lemma dual_norm_zero:
  fixes nrm :: "'a::euclidean_space \<Rightarrow> real"
  assumes "is_norm nrm"
  shows "dual_norm nrm 0 = 0"
  using dual_norm_le_norm_mult[OF assms] dual_norm_nonneg[OF assms]
  by (metis norm_zero mult_zero_right order_antisym)

lemma abs_inner_le_dual_norm:
  fixes nrm :: "'a::euclidean_space \<Rightarrow> real"
  assumes n: "is_norm nrm"
  shows "\<bar>\<theta> \<bullet> z\<bar> \<le> dual_norm nrm \<theta> * nrm z"
proof (cases "z = 0")
  case False
  then have np: "nrm z > 0" using n unfolding is_norm_def by (metis less_eq_real_def)
  define w where "w = z /\<^sub>R nrm z"
  have "nrm w = 1" "nrm (- w) = 1"
    using n np is_norm_minus[OF n] unfolding w_def is_norm_def by auto
  then have "\<bar>\<theta> \<bullet> w\<bar> \<le> dual_norm nrm \<theta>"
    using dual_norm_upper[OF n, of w \<theta>] dual_norm_upper[OF n, of "- w" \<theta>] by auto
  moreover have "\<theta> \<bullet> z = nrm z * (\<theta> \<bullet> w)" using np unfolding w_def by simp
  ultimately show ?thesis using np by (simp add: abs_mult mult.commute mult_left_mono)
qed (use dual_norm_nonneg[OF n] is_norm_zero[OF n] in simp)

lemma norm_aug_diff: "norm (aug a - aug b) = norm (a - b)"
proof -
  have "(aug a - aug b) \<bullet> (aug a - aug b) = (a - b) \<bullet> (a - b)"
    unfolding inner_vec_def UNIV_option_conv
    by (simp add: aug_def sum.reindex inner_real_def) (auto simp: algebra_simps intro: sum.cong)
  then show ?thesis by (simp add: norm_eq_sqrt_inner)
qed

lemma aug_nonzero: "aug b \<noteq> 0"
  by (metis aug_def option.simps(4) vec_lambda_beta zero_index zero_neq_one)

lemma normalized_in_cone_hull_sphere:
  fixes v :: "'a::real_normed_vector"
  assumes "v \<in> S" "v \<noteq> 0"
  shows "v /\<^sub>R norm v \<in> cone hull S \<inter> sphere 0 1"
  using assms cone_cone_hull[of S] hull_subset[of S cone]
  unfolding cone_def by (auto simp: divide_inverse_commute)

lemma normalized_in_A_set:
  "dual_norm nrm (aug \<beta> + v) \<le> dual_norm nrm (aug \<beta>) \<Longrightarrow> v \<noteq> 0 \<Longrightarrow>
     v /\<^sub>R norm v \<in> A_set nrm \<beta>"
  unfolding A_set_def by (rule normalized_in_cone_hull_sphere) simp_all

lemma A_set_nonempty:
  assumes "is_norm nrm"
  shows "A_set nrm \<beta> \<noteq> {}"
  using normalized_in_A_set[of nrm \<beta> "- aug \<beta>"] aug_nonzero[of \<beta>]
    dual_norm_zero[OF assms] dual_norm_nonneg[OF assms] by auto

lemma dual_norm_le_Psi:
  assumes n: "is_norm nrm" and u: "u \<in> A_set nrm \<beta>"
  shows "dual_norm nrm u \<le> Psi nrm \<beta>"
proof -
  obtain K where K: "\<And>\<theta>. dual_norm nrm \<theta> \<le> K * norm \<theta>"
    using dual_norm_le_norm_mult[OF n] by blast
  have "bdd_above (dual_norm nrm ` A_set nrm \<beta>)"
  proof (rule bdd_aboveI[of _ K])
    fix t assume "t \<in> dual_norm nrm ` A_set nrm \<beta>"
    then obtain w where "norm w = 1" "t = dual_norm nrm w" unfolding A_set_def by auto
    then show "t \<le> K" using K[of w] by simp
  qed
  then show ?thesis unfolding Psi_def using u by (auto intro: cSup_upper)
qed

lemma Psi_nonneg: "is_norm nrm \<Longrightarrow> 0 \<le> Psi nrm \<beta>"
  using A_set_nonempty dual_norm_le_Psi dual_norm_nonneg by (metis equals0I order_trans)

lemma l1_resid_scaleR: "l1_resid N z (c *\<^sub>R v) = \<bar>c\<bar> * l1_resid N z v"
  by (simp add: l1_resid_def abs_mult sum_distrib_left)

lemma l1_resid_diff_le: "l1_resid N z (a - b) \<le> l1_resid N z a + l1_resid N z b"
  unfolding l1_resid_def sum.distrib[symmetric]
  by (intro sum_mono) (simp add: inner_diff_left)

lemma gram_form_le_l1_resid:
  assumes n: "is_norm nrm" and bound: "\<forall>i<N. nrm (z i) \<le> R"
  shows "gram_form N z u \<le> R * dual_norm nrm u * l1_resid N z u"
proof -
  have "(u \<bullet> z i)\<^sup>2 \<le> \<bar>u \<bullet> z i\<bar> * (R * dual_norm nrm u)" if "i < N" for i
  proof -
    have "dual_norm nrm u * nrm (z i) \<le> dual_norm nrm u * R"
      using bound that dual_norm_nonneg[OF n, of u] by (simp add: mult_left_mono)
    then have "\<bar>u \<bullet> z i\<bar> \<le> R * dual_norm nrm u"
      using abs_inner_le_dual_norm[OF n, of u "z i"] by (simp add: mult.commute)
    then show ?thesis by (metis abs_ge_zero mult_left_mono power2_abs power2_eq_square)
  qed
  then show ?thesis
    unfolding gram_form_def l1_resid_def sum_distrib_left
    by (force intro: sum_mono simp: mult.commute)
qed

theorem theorem3p6:
  fixes nrm :: "real^('n::finite option) \<Rightarrow> real"
    and z :: "nat \<Rightarrow> real^('n option)"
    and N :: nat and R \<gamma> \<alpha> :: real
    and B :: "(real^'n) set"
    and \<beta>hat \<beta>star :: "real^'n"
  assumes norm: "is_norm nrm"
    and bound: "\<forall>i<N. nrm (z i) \<le> R"
    and gamma_pos: "\<gamma> > 0"
    and hat_feas: "\<beta>hat \<in> B" "l1_resid N z (aug \<beta>hat) \<le> \<gamma>"
    and hat_opt: "\<forall>\<beta>\<in>B. l1_resid N z (aug \<beta>) \<le> \<gamma> \<longrightarrow>
                     dual_norm nrm (aug \<beta>hat) \<le> dual_norm nrm (aug \<beta>)"
    and star_feas: "\<beta>star \<in> B" "l1_resid N z (aug \<beta>star) \<le> \<gamma>"
    and alpha_pos: "\<alpha> > 0"
    and RE: "\<forall>v\<in>A_set nrm \<beta>star. gram_form N z v \<ge> \<alpha>"
  shows "norm (\<beta>hat - \<beta>star) \<le> 2 * R * \<gamma> / \<alpha> * Psi nrm \<beta>star"
proof -
  have RE_bound: "\<alpha> \<le> R * dual_norm nrm u * l1_resid N z u" if "u \<in> A_set nrm \<beta>star" for u
    using RE that gram_form_le_l1_resid[OF norm bound] by (meson order_trans)
  \<comment> \<open>\<open>R \<ge> 0\<close> is not assumed: it follows since \<open>A(\<beta>star)\<close> is nonempty and \<open>\<alpha> > 0\<close>.\<close>
  obtain u0 where "u0 \<in> A_set nrm \<beta>star" using A_set_nonempty[OF norm] by blast
  from RE_bound[OF this] have R_nonneg: "R \<ge> 0"
    using alpha_pos dual_norm_nonneg[OF norm, of u0] l1_resid_def[of N z u0]
    by (smt (verit) mult_nonpos_nonneg sum_nonneg abs_ge_zero)
  define v where "v = aug \<beta>hat - aug \<beta>star"
  have norm_v: "norm v = norm (\<beta>hat - \<beta>star)" unfolding v_def by (rule norm_aug_diff)
  show ?thesis
  proof (cases "v = 0")
    case True
    then show ?thesis using norm_v R_nonneg Psi_nonneg[OF norm] gamma_pos alpha_pos by simp
  next
    case False
    define u where "u = v /\<^sub>R norm v"
    have u_in_A: "u \<in> A_set nrm \<beta>star"
      unfolding u_def using False hat_opt star_feas by (intro normalized_in_A_set) (simp_all add: v_def)
    have "l1_resid N z v \<le> 2 * \<gamma>"
      using l1_resid_diff_le[of N z "aug \<beta>hat" "aug \<beta>star"] hat_feas star_feas by (simp add: v_def)
    then have "R * dual_norm nrm u * l1_resid N z u \<le> R * dual_norm nrm u * (2 * \<gamma> / norm v)"
      using R_nonneg dual_norm_nonneg[OF norm, of u]
      by (intro mult_left_mono) (simp_all add: u_def l1_resid_scaleR divide_right_mono field_simps)
    then have "\<alpha> \<le> R * dual_norm nrm u * (2 * \<gamma> / norm v)"
      using RE_bound[OF u_in_A] by linarith
    then have "norm v \<le> 2 * R * \<gamma> / \<alpha> * dual_norm nrm u"
      using False alpha_pos by (simp add: field_simps)
    also have "\<dots> \<le> 2 * R * \<gamma> / \<alpha> * Psi nrm \<beta>star"
      using dual_norm_le_Psi[OF norm u_in_A] R_nonneg gamma_pos alpha_pos by (intro mult_left_mono) auto
    finally show ?thesis using norm_v by simp
  qed
qed

end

* * * * * * * * *

*Exercise aim:*
In the listing above, show every line with the word "thesis".

*Response:*
  ultimately show ?thesis using np by (simp add: abs_mult mult.commute mult_left_mono)
  then show ?thesis by (simp add: norm_eq_sqrt_inner)
  then show ?thesis unfolding Psi_def using u by (auto intro: cSup_upper)
    then show ?thesis by (metis abs_ge_zero mult_left_mono power2_abs power2_eq_square)
  then show ?thesis
  show ?thesis
    then show ?thesis using norm_v R_nonneg Psi_nonneg[OF norm] gamma_pos alpha_pos by simp
    finally show ?thesis using norm_v by simp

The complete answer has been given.